The conflict between managing the Okanagan Valley watershed for flood control against other environment protection and fisheries enhancement interests has evolved into a more complementary rather than a conflicted relationship.
Brian Guy, a retired engineer, says modernizing the ageing Okanagan Lake Regulations System (OLRS) infrastructure should take that into account.
He said none of the watershed restoration efforts of the last 20 years has impeded the ability to control flooding, the overriding objective when the OLRS was established starting in the 1950s.
The restoration efforts, in particular along the Okanagan River segment connecting Skaha Lake to Osoyoos Lake, initiated by the Okanagan Nation Alliance, have led to a resurgence of the sockeye salmon fishery.
The ONA has carried out five different river restoration projects since introducing the restoration concept to water management officials at a workshop held in 1997.
“Prior to 2008, the Okanagan sockeye salmon return never exceeded 100,000 in all but two of the previous 48 years, but it has exceeded 100,000 adults in all years since 2008,” said Guy.

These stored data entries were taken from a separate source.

abbreviation Q222 :: "gen letter list set set monoid" where "Q222 \<equiv> G222 Mod zsq_powers"

abbreviation proj :: "gen letter list set \<Rightarrow> gen letter list set set" where "proj a \<equiv> zsq_powers #>\<^bsub>G222\<^esub> a"

interpretation zsq_powers: normal zsq_powers G222
  by (rule zsq_powers_normal)

interpretation Q222: group Q222
  by (rule zsq_powers.factorgroup_is_group)

interpretation proj: group_hom G222 Q222 proj
  by (intro group_hom.intro group_hom_axioms.intro G222.is_group Q222.is_group
      zsq_powers.r_coset_hom_Mod)

abbreviation \<rho> :: "gen letter list set set" where "\<rho> \<equiv> proj (gx \<otimes>\<^bsub>G222\<^esub> gz)"

abbreviation \<zeta> :: "gen letter list set set" where "\<zeta> \<equiv> proj gz"

abbreviation \<xi> :: "gen letter list set set" where "\<xi> \<equiv> proj gx"

lemma proj_zsq_powers: "h \<in> zsq_powers \<Longrightarrow> proj h = \<one>\<^bsub>Q222\<^esub>"
  using G222.coset_join2[OF subgroup.mem_carrier[OF zsq_powers_subgroup] zsq_powers_subgroup]
  by (simp add: FactGroup_def)

lemma proj_eq_imp:
  assumes "a \<in> carrier G222" "b \<in> carrier G222" "proj a = proj b"
  shows "a \<otimes>\<^bsub>G222\<^esub> inv\<^bsub>G222\<^esub> b \<in> zsq_powers"
proof -
  have "a \<in> proj b" using G222.rcos_self[OF assms(1) zsq_powers_subgroup] assms(3) by simp
  then show ?thesis by (rule subgroup.rcos_module_imp[OF zsq_powers_subgroup G222.is_group assms(2)])
qed

lemma Q222_relations:
  "\<zeta> \<otimes>\<^bsub>Q222\<^esub> \<zeta> = \<one>\<^bsub>Q222\<^esub>" "\<xi> = \<rho> \<otimes>\<^bsub>Q222\<^esub> \<zeta>"
  "\<zeta> \<otimes>\<^bsub>Q222\<^esub> \<rho> \<otimes>\<^bsub>Q222\<^esub> \<zeta> = inv\<^bsub>Q222\<^esub> \<rho>"
proof -
  show z: "\<zeta> \<otimes>\<^bsub>Q222\<^esub> \<zeta> = \<one>\<^bsub>Q222\<^esub>"
    using proj.hom_mult[of gz gz] proj_zsq_powers[OF zsq_in_zsq_powers] by simp
  have x: "\<xi> \<otimes>\<^bsub>Q222\<^esub> \<xi> = \<one>\<^bsub>Q222\<^esub>"
    using proj.hom_mult[of gx gx] G222_relations(1) by simp
  have r: "\<rho> = \<xi> \<otimes>\<^bsub>Q222\<^esub> \<zeta>" by simp
  show "\<xi> = \<rho> \<otimes>\<^bsub>Q222\<^esub> \<zeta>" by (simp add: r Q222.m_assoc z)
  have "\<zeta> \<otimes>\<^bsub>Q222\<^esub> \<xi> \<otimes>\<^bsub>Q222\<^esub> (\<xi> \<otimes>\<^bsub>Q222\<^esub> \<zeta>) = \<zeta> \<otimes>\<^bsub>Q222\<^esub> (\<xi> \<otimes>\<^bsub>Q222\<^esub> \<xi>) \<otimes>\<^bsub>Q222\<^esub> \<zeta>"
    by (simp add: Q222.m_assoc)
  then have "inv\<^bsub>Q222\<^esub> \<rho> = \<zeta> \<otimes>\<^bsub>Q222\<^esub> \<xi>"
    using x z by (simp add: r Q222.inv_equality)
  then show "\<zeta> \<otimes>\<^bsub>Q222\<^esub> \<rho> \<otimes>\<^bsub>Q222\<^esub> \<zeta> = inv\<^bsub>Q222\<^esub> \<rho>"
    by (simp add: r Q222.m_assoc z)
qed

lemma proj_letter: "proj (cls [a]) \<in> {\<zeta>, \<rho> \<otimes>\<^bsub>Q222\<^esub> \<zeta>}"
proof -
  have "gy = gx \<otimes>\<^bsub>G222\<^esub> zsq"
    using G222_relations by (simp flip: G222_relations(3) add: G222.m_assoc[symmetric])
  then have y: "proj gy = \<xi>"
    using proj.hom_mult[of gx zsq] proj_zsq_powers[OF zsq_in_zsq_powers] by simp
  have z: "proj (inv\<^bsub>G222\<^esub> gz) = \<zeta>"
    using proj.hom_inv[of gz] Q222.inv_equality[OF Q222_relations(1)] by simp
  have "\<xi> \<in> {\<zeta>, \<rho> \<otimes>\<^bsub>Q222\<^esub> \<zeta>}" "\<zeta> \<in> {\<zeta>, \<rho> \<otimes>\<^bsub>Q222\<^esub> \<zeta>}"
    using Q222_relations(2) by blast+
  moreover obtain g b where "a = (g, b)" by (cases a)
  ultimately show ?thesis
    using y z by (cases g; cases b) (simp_all only: G222_letter_classes)
qed

text \<open>The quotient is infinite dihedral: every letter maps to \<open>\<zeta>\<close> or \<open>\<rho> \<zeta>\<close>, and \<open>\<zeta>\<close> inverts
  \<open>\<rho>\<close>, so each letter flips the \<open>\<zeta>\<close>-part.\<close>
lemma Q222_normal_form:
  "\<exists>n::int. proj (cls w) = \<rho> [^]\<^bsub>Q222\<^esub> n \<otimes>\<^bsub>Q222\<^esub> (if odd (length w) then \<zeta> else \<one>\<^bsub>Q222\<^esub>)"
proof (induction w)
  case Nil
  show ?case using proj.hom_one by (intro exI[of _ 0]) (simp add: G222_classes)
next
  case (Cons a w)
  then obtain n :: int
    where n: "proj (cls w) = \<rho> [^]\<^bsub>Q222\<^esub> n \<otimes>\<^bsub>Q222\<^esub> (if odd (length w) then \<zeta> else \<one>\<^bsub>Q222\<^esub>)"
    by blast
  let ?parity = "\<lambda>w. if odd (length w) then \<zeta> else \<one>\<^bsub>Q222\<^esub>"
  have zeta: "\<zeta> \<in> carrier Q222" and rho: "\<rho> \<in> carrier Q222"
    by (simp_all only: proj.hom_closed cls_in_carrier G222.m_closed)
  have parity: "?parity w \<in> carrier Q222" "\<zeta> \<otimes>\<^bsub>Q222\<^esub> ?parity w = ?parity (a # w)"
    "?parity (a # w) \<in> carrier Q222"
    by (cases "odd (length w)"; simp add: zeta Q222_relations(1))+
  have flip: "\<zeta> \<otimes>\<^bsub>Q222\<^esub> proj (cls w) = \<rho> [^]\<^bsub>Q222\<^esub> (- n) \<otimes>\<^bsub>Q222\<^esub> ?parity (a # w)"
    unfolding n parity(2)[symmetric]
    by (rule Q222.involution_inverts_int_pow[OF rho zeta Q222_relations(1,3) parity(1)])
  have split: "proj (cls (a # w)) = proj (cls [a]) \<otimes>\<^bsub>Q222\<^esub> proj (cls w)"
    using proj.hom_mult[of "cls [a]" "cls w"] by (simp add: G222_classes)
  show ?case
  proof (cases "proj (cls [a]) = \<zeta>")
    case True
    then show ?thesis using split flip by auto
  next
    case False
    have w: "proj (cls w) \<in> carrier Q222" by (simp only: proj.hom_closed cls_in_carrier)
    have "proj (cls (a # w)) = \<rho> \<otimes>\<^bsub>Q222\<^esub> \<zeta> \<otimes>\<^bsub>Q222\<^esub> proj (cls w)"
      using proj_letter[of a] False split by simp
    also have "\<dots> = \<rho> [^]\<^bsub>Q222\<^esub> (1::int) \<otimes>\<^bsub>Q222\<^esub> (\<rho> [^]\<^bsub>Q222\<^esub> (- n) \<otimes>\<^bsub>Q222\<^esub> ?parity (a # w))"
      by (simp only: Q222.m_assoc[OF rho zeta w] flip Q222.int_pow_1[OF rho])
    also have "\<dots> = \<rho> [^]\<^bsub>Q222\<^esub> (1 + - n) \<otimes>\<^bsub>Q222\<^esub> ?parity (a # w)"
      by (simp only: Q222.m_assoc[symmetric] Q222.int_pow_closed[OF rho] parity(3)
          Q222.int_pow_mult[OF rho])
    finally show ?thesis by blast
  qed
qed

lemma even_classes_mod_zsq_powers:
  assumes "h \<in> even_classes"
  shows "\<exists>n::int. h \<otimes>\<^bsub>G222\<^esub> inv\<^bsub>G222\<^esub> ((gx \<otimes>\<^bsub>G222\<^esub> gz) [^]\<^bsub>G222\<^esub> n) \<in> zsq_powers"
proof -
  obtain w where h: "h = cls w" and even: "even (length w)"
    using assms by (auto simp: even_classes_def)
  have xz: "gx \<otimes>\<^bsub>G222\<^esub> gz \<in> carrier G222" by simp
  obtain n :: int where "proj h = \<rho> [^]\<^bsub>Q222\<^esub> n \<otimes>\<^bsub>Q222\<^esub> \<one>\<^bsub>Q222\<^esub>"
    using Q222_normal_form[of w] even by (simp only: h if_False not_True_eq_False) blast
  also have "\<dots> = proj ((gx \<otimes>\<^bsub>G222\<^esub> gz) [^]\<^bsub>G222\<^esub> n)"
    by (simp only: Q222.r_one Q222.int_pow_closed proj.hom_closed[OF xz] proj.hom_int_pow[OF xz])
  finally have eq: "proj h = proj ((gx \<otimes>\<^bsub>G222\<^esub> gz) [^]\<^bsub>G222\<^esub> n)" .
  have "h \<in> carrier G222" by (simp only: h cls_in_carrier)
  then have "h \<otimes>\<^bsub>G222\<^esub> inv\<^bsub>G222\<^esub> ((gx \<otimes>\<^bsub>G222\<^esub> gz) [^]\<^bsub>G222\<^esub> n) \<in> zsq_powers"
    using eq by (rule proj_eq_imp[OF _ G222.int_pow_closed[OF xz]])
  then show ?thesis ..
qed

lemma G222_mod_even_classes:
  assumes "h \<in> carrier G222"
  shows "\<exists>n::int. h \<otimes>\<^bsub>G222\<^esub> inv\<^bsub>G222\<^esub> (gz [^]\<^bsub>G222\<^esub> n) \<in> even_classes"
proof -
  obtain w where h: "h = cls w" using assms by (auto simp: G222_classes)
  show ?thesis
  proof (cases "even (length w)")
    case True
    then have "h \<otimes>\<^bsub>G222\<^esub> inv\<^bsub>G222\<^esub> (gz [^]\<^bsub>G222\<^esub> (0::int)) \<in> even_classes"
      by (simp add: h cls_in_even_classes_iff)
    then show ?thesis by blast
  next
    case False
    then have "h \<otimes>\<^bsub>G222\<^esub> inv\<^bsub>G222\<^esub> (gz [^]\<^bsub>G222\<^esub> (1::int)) \<in> even_classes"
      by (simp add: h G222_classes cls_in_even_classes_iff)
    then show ?thesis by blast
  qed
qed

theorem polycyclic_G222: "polycyclic G222"
proof -
  note even = normal_imp_subgroup[OF even_classes_normal]
  have one: "{\<one>\<^bsub>G222\<^esub>} \<lhd> G222\<lparr>carrier := zsq_powers\<rparr>"
    using group.one_is_normal[OF G222.subgroup_imp_group[OF zsq_powers_subgroup]] by simp
  have "\<forall>h\<in>zsq_powers. \<exists>n::int. h \<otimes>\<^bsub>G222\<^esub> inv\<^bsub>G222\<^esub> (zsq [^]\<^bsub>G222\<^esub> n) \<in> {\<one>\<^bsub>G222\<^esub>}"
    by (auto simp: zsq_powers_def) (metis G222.int_pow_closed G222.m_closed G222.r_inv cls_in_carrier)
  then have "polycyclic_seq G222 zsq_powers"
    by (rule polycyclic_seq.extension[OF polycyclic_seq.unity one zsq_powers_subgroup
          G222.cyclic_Mod_if_generated[OF zsq_powers_subgroup one zsq_in_zsq_powers]])
  moreover have zsq: "zsq_powers \<lhd> G222\<lparr>carrier := even_classes\<rparr>"
    by (rule G222.normal_restrict_supergroup[OF even zsq_powers_normal zsq_powers_subset_even_classes])
  moreover have "gx \<otimes>\<^bsub>G222\<^esub> gz \<in> even_classes"
    using cls_in_even_classes_iff[of "[(GX, False), (GZ, False)]"] by (simp add: G222_classes)
  ultimately have "polycyclic_seq G222 even_classes"
    using even_classes_mod_zsq_powers
    by (intro polycyclic_seq.extension[OF _ zsq even] G222.cyclic_Mod_if_generated[OF even zsq]) auto
  moreover have top: "even_classes \<lhd> G222\<lparr>carrier := carrier G222\<rparr>"
    using even_classes_normal by simp
  ultimately have "polycyclic_seq G222 (carrier G222)"
    using G222_mod_even_classes
    by (intro polycyclic_seq.extension[OF _ top G222.subgroup_self]
        G222.cyclic_Mod_if_generated[OF G222.subgroup_self top cls_in_carrier]) auto
  then show ?thesis by (simp add: polycyclic_def)
qed

lemma solvable_G222: "solvable G222"
  using G222.polycyclic_seq_imp_solvable_seq polycyclic_G222 by (simp add: polycyclic_def solvable_def)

“This impressive restoration effort makes you wonder what other restoration ecosystem benefits can be achieved without impacting the other benefits the system was created for such as flood control and providing a stable irrigation water source for farmers.”

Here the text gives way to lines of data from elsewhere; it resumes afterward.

lemma ELR1_le_ln: "ELR1 K x p \<le> ln r / (1 + ln r)"
proof (rule ELR1_le_of_sum_hazard_le)
  let ?t = "t_idx K x p" and ?S = "survival K p"
  have "(\<Sum>i=1..<?t. p i / ?S i) \<le> ln (?S 1) - ln (?S ?t)"
    unfolding sum_hazard_survival using t_idx_range admissible_survival_pos
    by (intro sum_hazard_le_ln) auto
  also have "\<dots> \<le> ln r"
  proof -
    have "1 \<le> r * ?S ?t"
      using survival_t_idx_ge admissible_r_ge_one by (simp add: field_simps)
    then have "0 \<le> ln (r * ?S ?t)" by (rule ln_ge_zero)
    then show ?thesis
      using admissible_r_ge_one admissible_survival_pos[OF t_idx_range] admissible_survival_one
      by (simp add: ln_mult)
  qed
  finally show "(\<Sum>i=1..<?t. p i / ?S i) \<le> ln r" .
qed

lemma ELR1_le_linear:
  "ELR1 K x p \<le> (real K - 1) * (1 - 1 / r) / (1 + (real K - 1) * (1 - 1 / r))"
proof (rule ELR1_le_of_sum_hazard_le)
  let ?t = "t_idx K x p" and ?S = "survival K p"
  have "(\<Sum>i=1..<?t. p i / ?S i) \<le> real (?t - 1) * (1 - ?S ?t / ?S 1)"
    unfolding sum_hazard_survival using t_idx_range
    by (intro sum_hazard_le_card admissible_survival_pos admissible_survival_antimono) auto
  also have "\<dots> \<le> (real K - 1) * (1 - 1 / r)"
    using survival_t_idx_ge admissible_survival_one admissible_survival_antimono[of 1 ?t]
      t_idx_range admissible_r_ge_one
    by (intro mult_mono) (auto simp: of_nat_diff)
  finally show "(\<Sum>i=1..<?t. p i / ?S i) \<le> (real K - 1) * (1 - 1 / r)" .
qed

end

lemma ELR1_le_eta:
  assumes "admissible r K x p" "1 \<le> K"
  shows "ELR1 K x p \<le> eta r K"
proof -
  have "bdd_above {ELR1 K x p | x p. admissible r K x p}"
    using ELR1_le_ln[OF _ \<open>1 \<le> K\<close>] unfolding bdd_above_def by blast
  then show ?thesis
    unfolding eta_def using assms by (intro cSup_upper) auto
qed

lemma eta_le:
  assumes "\<exists>x p. admissible r K x p" "\<And>x p. admissible r K x p \<Longrightarrow> ELR1 K x p \<le> B"
  shows "eta r K \<le> B"
  unfolding eta_def using assms by (intro cSup_least) auto

text \<open>The equal-revenue distribution: every price \<open>x k\<close> earns revenue \<open>1\<close>, so the seller's
  tie-breaking towards the largest optimal price excludes all types but the top one.\<close>
definition equal_revenue_value :: "real \<Rightarrow> nat \<Rightarrow> real" where
  "equal_revenue_value q i = (1 / q) ^ (i - 1)"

Guy has produced an analysis for the Ministry of Forests, Lands, Natural Resource Operations and Rural Development on how to modernize what has become an ageing infrastructure system with working models, developed in the 1970s, ill-equipped to deal with snow and rain extreme weather conditions introduced to the watershed by climate change.

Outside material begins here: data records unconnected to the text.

(* For every integer $k>1$ there exists $g\in[\mathbb{F}_2,\mathbb{F}_2]$ such that $g\in G_{k-1}$ with $\varphi_j(g)=0$ for all $j<k$ and $\varphi_k(g)=-1$, and such that $g\in H_j$ with $\psi_j(g)=0$ for all $j\ge1$.
   Context: $\mathbb{F}_2$ is the free group on $x,y$. Let $\tilde K$ be the graph with vertex set $\mathbb{Z}^2$ and oriented edges $x^iy^jX$ from $(i,j)$ to $(i+1,j)$ and $x^iy^jY$ from $(i,j)$ to $(i,j+1)$. A $1$-chain is written $\alpha=P_\alpha(x,y)X+Q_\alpha(x,y)Y$ with $P_\alpha,Q_\alpha$ integer Laurent polynomials (coefficient of $x^iy^j$ in $P_\alpha$ = coefficient of edge $x^iy^jX$, similarly for $Q_\alpha$). For $g\in[\mathbb{F}_2,\mathbb{F}_2]$ written as a word in $x^{\pm1},y^{\pm1}$, the cycle $\alpha_g$ is the $1$-cycle traced by the lattice path from $(0,0)$ in which $x,x^{-1},y,y^{-1}$ move by $(1,0),(-1,0),(0,1),(0,-1)$ along the corresponding edges, each edge counted with sign $+1$ if traversed in its orientation and $-1$ otherwise; its homology class depends only on $g$. Put $f_g(y)=P_{\alpha_g}(1,y)$ and $g_g(x)=Q_{\alpha_g}(x,1)$. Set $G_0=H_0=[\mathbb{F}_2,\mathbb{F}_2]$ and inductively, for $k\ge1$, $\varphi_k(g)=f_g^{(k)}(1)/k!$ for $g\in G_{k-1}$, $\psi_k(g)=g_g^{(k)}(1)/k!$ for $g\in H_{k-1}$, $G_k=\ker\varphi_k$, $H_k=\ker\psi_k$. *)

theory Defs
  imports "HOL-Analysis.Analysis"
begin

datatype letter = Xp | Xm | Yp | Ym

type_synonym word = "letter list"

fun linv :: "letter \<Rightarrow> letter" where
  "linv Xp = Xm" | "linv Xm = Xp" | "linv Yp = Ym" | "linv Ym = Yp"

definition winv :: "word \<Rightarrow> word" where
  "winv w = rev (map linv w)"

text \<open>Words representing elements of the commutator subgroup [F_2,F_2]:
  products of commutators a^-1 b^-1 a b, closed under free (in)sertion/cancellation
  of pairs l l^-1 (i.e. under equality in F_2).\<close>
inductive comm_word :: "word \<Rightarrow> bool" where
  cw_nil: "comm_word []"
| cw_comm: "comm_word w \<Longrightarrow> comm_word (w @ winv a @ winv b @ a @ b)"
| cw_ins: "comm_word (u @ v) \<Longrightarrow> comm_word (u @ [l, linv l] @ v)"
| cw_del: "comm_word (u @ [l, linv l] @ v) \<Longrightarrow> comm_word (u @ v)"

text \<open>Edges of the lattice graph: x^i y^j X is (i,j,DX), x^i y^j Y is (i,j,DY).\<close>
datatype dir = DX | DY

“It’s getting older and harder to manage,” he said.
He made a presentation of his report to the Okanagan Water Stewardship Council last month.
His report calls for a series of 13 core studies and four supporting studies, done over a seven-year period, feeding information into a final plan on how to proceed with an ORLS infrastructure modernization overhaul in a coordinated and well-thought-out manner.
When the analysis is done and a modernization plan is in place, Guy stated that a leadership group should be struck to oversee its implementation.
According to Guy, the cost estimate for the preliminary study work has yet to be worked out, as it will depend on what outside support the province would retain to complete the study series.
All communities across the watershed should be invited to participate in the study analysis, placing particular significance on the contribution from Indigenous stakeholders in the watershed management such as Okanagan Nation Alliance.
“When the basin study upon which the lake level models were developed in the ’70s, there was no consultation with the Sylix people. But times have changed and environment protection values have taken on more importance,” Guy said.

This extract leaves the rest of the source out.